Data excerpts:
definition blk3sym ::
  "real^'n^'n \<Rightarrow> real^'n^'q \<Rightarrow> real^'q^'q \<Rightarrow> real^'n^'m \<Rightarrow> real^'q^'m \<Rightarrow> real^'m^'m
   \<Rightarrow> real^(('n + 'q) + 'm)^(('n + 'q) + 'm)" where
  "blk3sym M11 M21 M22 M31 M32 M33 =
     blk2 (blk2 M11 (transpose M21) M21 M22)
          (vcat (transpose M31) (transpose M32))
          (hcat M31 M32) M33"

definition ones :: "real^'b^'a" where "ones = (\<chi> i j. 1)"

definition pos_def :: "real^'n^'n \<Rightarrow> bool" where
  "pos_def M \<longleftrightarrow> transpose M = M \<and> (\<forall>z. z \<noteq> 0 \<longrightarrow> z \<bullet> (M *v z) > 0)"

definition neg_def :: "real^'n^'n \<Rightarrow> bool" where
  "neg_def M \<longleftrightarrow> transpose M = M \<and> (\<forall>z. z \<noteq> 0 \<longrightarrow> z \<bullet> (M *v z) < 0)"

definition wsum :: "('v::finite \<Rightarrow> real) \<Rightarrow> ('v \<Rightarrow> 'a::real_vector) \<Rightarrow> 'a" where
  "wsum w M = (\<Sum>i\<in>UNIV. w i *\<^sub>R M i)"

definition robust_strict_QSR_dissipative ::
  "(real^'r) set \<Rightarrow> (real^'r \<Rightarrow> 'v::finite \<Rightarrow> real)
   \<Rightarrow> real^'n^'n \<Rightarrow> real^'q^'n \<Rightarrow> real^'m^'n \<Rightarrow> real^'n^'p \<Rightarrow> real^'q^'p
   \<Rightarrow> ('v \<Rightarrow> real^'n^'q) \<Rightarrow> ('v \<Rightarrow> real^'q^'q) \<Rightarrow> ('v \<Rightarrow> real^'m^'q)
   \<Rightarrow> real^'n^'n \<Rightarrow> ('v \<Rightarrow> real^'n^'n) \<Rightarrow> ('v \<Rightarrow> real^'p^'p) \<Rightarrow> ('v \<Rightarrow> real^'m^'p)
   \<Rightarrow> real^'m^'m \<Rightarrow> bool" where
  "robust_strict_QSR_dissipative \<Omega> \<alpha> A1 A2 A3 C1 C2 Ups1 Ups2 Ups3 P H Q S R \<longleftrightarrow>
     (\<forall>\<rho>\<in>\<Omega>. \<forall>x \<pi> u.
        wsum (\<alpha> \<rho>) Ups1 *v x + wsum (\<alpha> \<rho>) Ups2 *v \<pi> + wsum (\<alpha> \<rho>) Ups3 *v u = 0 \<longrightarrow>
        (let y = C1 *v x + C2 *v \<pi>;
             gradV = (P + transpose P) *v x
         in gradV \<bullet> (A1 *v x + A2 *v \<pi> + A3 *v u) + x \<bullet> (wsum (\<alpha> \<rho>) H *v x)
            - y \<bullet> (wsum (\<alpha> \<rho>) Q *v y) - 2 * (y \<bullet> (wsum (\<alpha> \<rho>) S *v u))
            - u \<bullet> (R *v u) \<le> 0))"

definition cl_solution ::
  "(real^'r \<Rightarrow> real^'n^'n) \<Rightarrow> (real^'r \<Rightarrow> real^'m^'n) \<Rightarrow> (real^'r \<Rightarrow> real^'n^'p)
   \<Rightarrow> (real^'r \<Rightarrow> real^'p^'m) \<Rightarrow> (real \<Rightarrow> real^'r) \<Rightarrow> (real \<Rightarrow> real^'n) \<Rightarrow> bool" where
  "cl_solution A B C K \<rho> x \<longleftrightarrow>
     (\<forall>t\<ge>0. (x has_vector_derivative
               (A (\<rho> t) *v x t + B (\<rho> t) *v (K (\<rho> t) *v (C (\<rho> t) *v x t))))
             (at t within {0..}))"

definition asymptotically_stabilizes ::
  "(real^'r) set \<Rightarrow> (real^'r \<Rightarrow> real^'n^'n) \<Rightarrow> (real^'r \<Rightarrow> real^'m^'n)
   \<Rightarrow> (real^'r \<Rightarrow> real^'n^'p) \<Rightarrow> (real^'r \<Rightarrow> real^'p^'m) \<Rightarrow> bool" where
  "asymptotically_stabilizes \<Omega> A B C K \<longleftrightarrow>
     (\<forall>\<rho>. (\<forall>t\<ge>0. \<rho> t \<in> \<Omega>) \<longrightarrow>
        (\<forall>\<epsilon>>0. \<exists>\<delta>>0. \<forall>x. cl_solution A B C K \<rho> x \<and> norm (x 0) < \<delta>
                         \<longrightarrow> (\<forall>t\<ge>0. norm (x t) < \<epsilon>)) \<and>
        (\<exists>\<delta>>0. \<forall>x. cl_solution A B C K \<rho> x \<and> norm (x 0) < \<delta>
                  \<longrightarrow> (x \<longlongrightarrow> 0) at_top))"

end

theory Submission
  imports Defs "HOL-Real_Asymp.Real_Asymp"
begin

(* Both LMIs are Finsler conditions at the vertices: the quadratic form of
   M_i + L C_i + C_i^T L^T at \<xi> is \<xi>^T M_i \<xi> + 2 (L^T \<xi>)^T (C_i \<xi>), and averaging with the
   weights \<alpha>(\<rho>) turns the multiplier term into 2 (L^T \<xi>)^T (C(\<rho>) \<xi>), which vanishes whenever
   C(\<rho>) \<xi> = 0.  For the first LMI, \<xi> = (x, \<pi>, u) and C(\<rho>) \<xi> = 0 is the algebraic equation of
   the DAR, which gives the dissipation inequality.  For the second, \<xi> = (y, u) and
   C(\<rho>) \<xi> = S(\<rho>)^T y + R u = 0 is exactly u = K(\<rho>) y, so the supply rate is nonpositive
   under the feedback; the particular multiplier L_s.  Eliminating \<pi>,
   the derivative of V = x^T P x along the closed loop is at most -x^T H(\<rho>) x, and since
   H(\<rho>) is uniformly positive definite over the polytope, V decays exponentially.  Only the
   weights \<alpha>(\<rho>) enter the argument, not the vertices of \<Omega> or their number. *)

lemma transpose_mult_inner: "(transpose M *v x) \<bullet> (y :: real^'n) = x \<bullet> (M *v y)"
  by (simp add: dot_lmul_matrix)

lemma inner_transpose_mult: "(x :: real^'n) \<bullet> (transpose M *v y) = (M *v x) \<bullet> y"
  by (metis inner_commute transpose_mult_inner)

lemma inner_sym_matrix_mult: "transpose M = M \<Longrightarrow> (M *v x) \<bullet> y = x \<bullet> (M *v (y :: real^'n))"
  by (metis inner_transpose_mult)

lemma inner_matrix_mult: "(x :: real^'n) \<bullet> ((M ** N) *v y) = (transpose M *v x) \<bullet> (N *v y)"
  by (simp add: dot_lmul_matrix matrix_vector_mul_assoc[symmetric])

lemma uminus_matrix_vector_mult: "(- M) *v x = - (M *v (x :: real^'a))"
  by (simp add: matrix_vector_mult_def vec_eq_iff sum_negf)

lemma matrix_vector_mult_uminus: "M *v (- x) = - (M *v (x :: real^'a))"
  by (simp add: matrix_vector_mult_def vec_eq_iff sum_negf)

lemma matrix_inv_right: "invertible (M :: real^'n^'n) \<Longrightarrow> M ** matrix_inv M = mat 1"
  unfolding invertible_def matrix_inv_def by (rule someI_ex[THEN conjunct1])

lemma pos_def_invertible:
  assumes "pos_def (M :: real^'n^'n)"
  shows "invertible M"
proof -
  have "M *v z = 0 \<Longrightarrow> z = 0" for z
    using assms unfolding pos_def_def by (metis inner_zero_right less_irrefl)
  then show ?thesis
    using invertible_left_inverse matrix_left_invertible_ker by blast
qed

lemma neg_def_quadratic_form_nonpos: "neg_def M \<Longrightarrow> z \<bullet> (M *v z) \<le> 0"
  unfolding neg_def_def by (cases "z = 0") (auto intro: less_imp_le)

▸ **PROBLEM DESCRIPTION**: Please copy, exactly and with nothing else, the lines above beginning at the line that has "by (metis inner_transpose_mult)" and ending with the line that has "M) *v x = - (M *v".

▸ **RESPONSE FOR THIS EXERCISE**:
  by (metis inner_transpose_mult)

lemma inner_matrix_mult: "(x :: real^'n) \<bullet> ((M ** N) *v y) = (transpose M *v x) \<bullet> (N *v y)"
  by (simp add: dot_lmul_matrix matrix_vector_mul_assoc[symmetric])

lemma uminus_matrix_vector_mult: "(- M) *v x = - (M *v (x :: real^'a))"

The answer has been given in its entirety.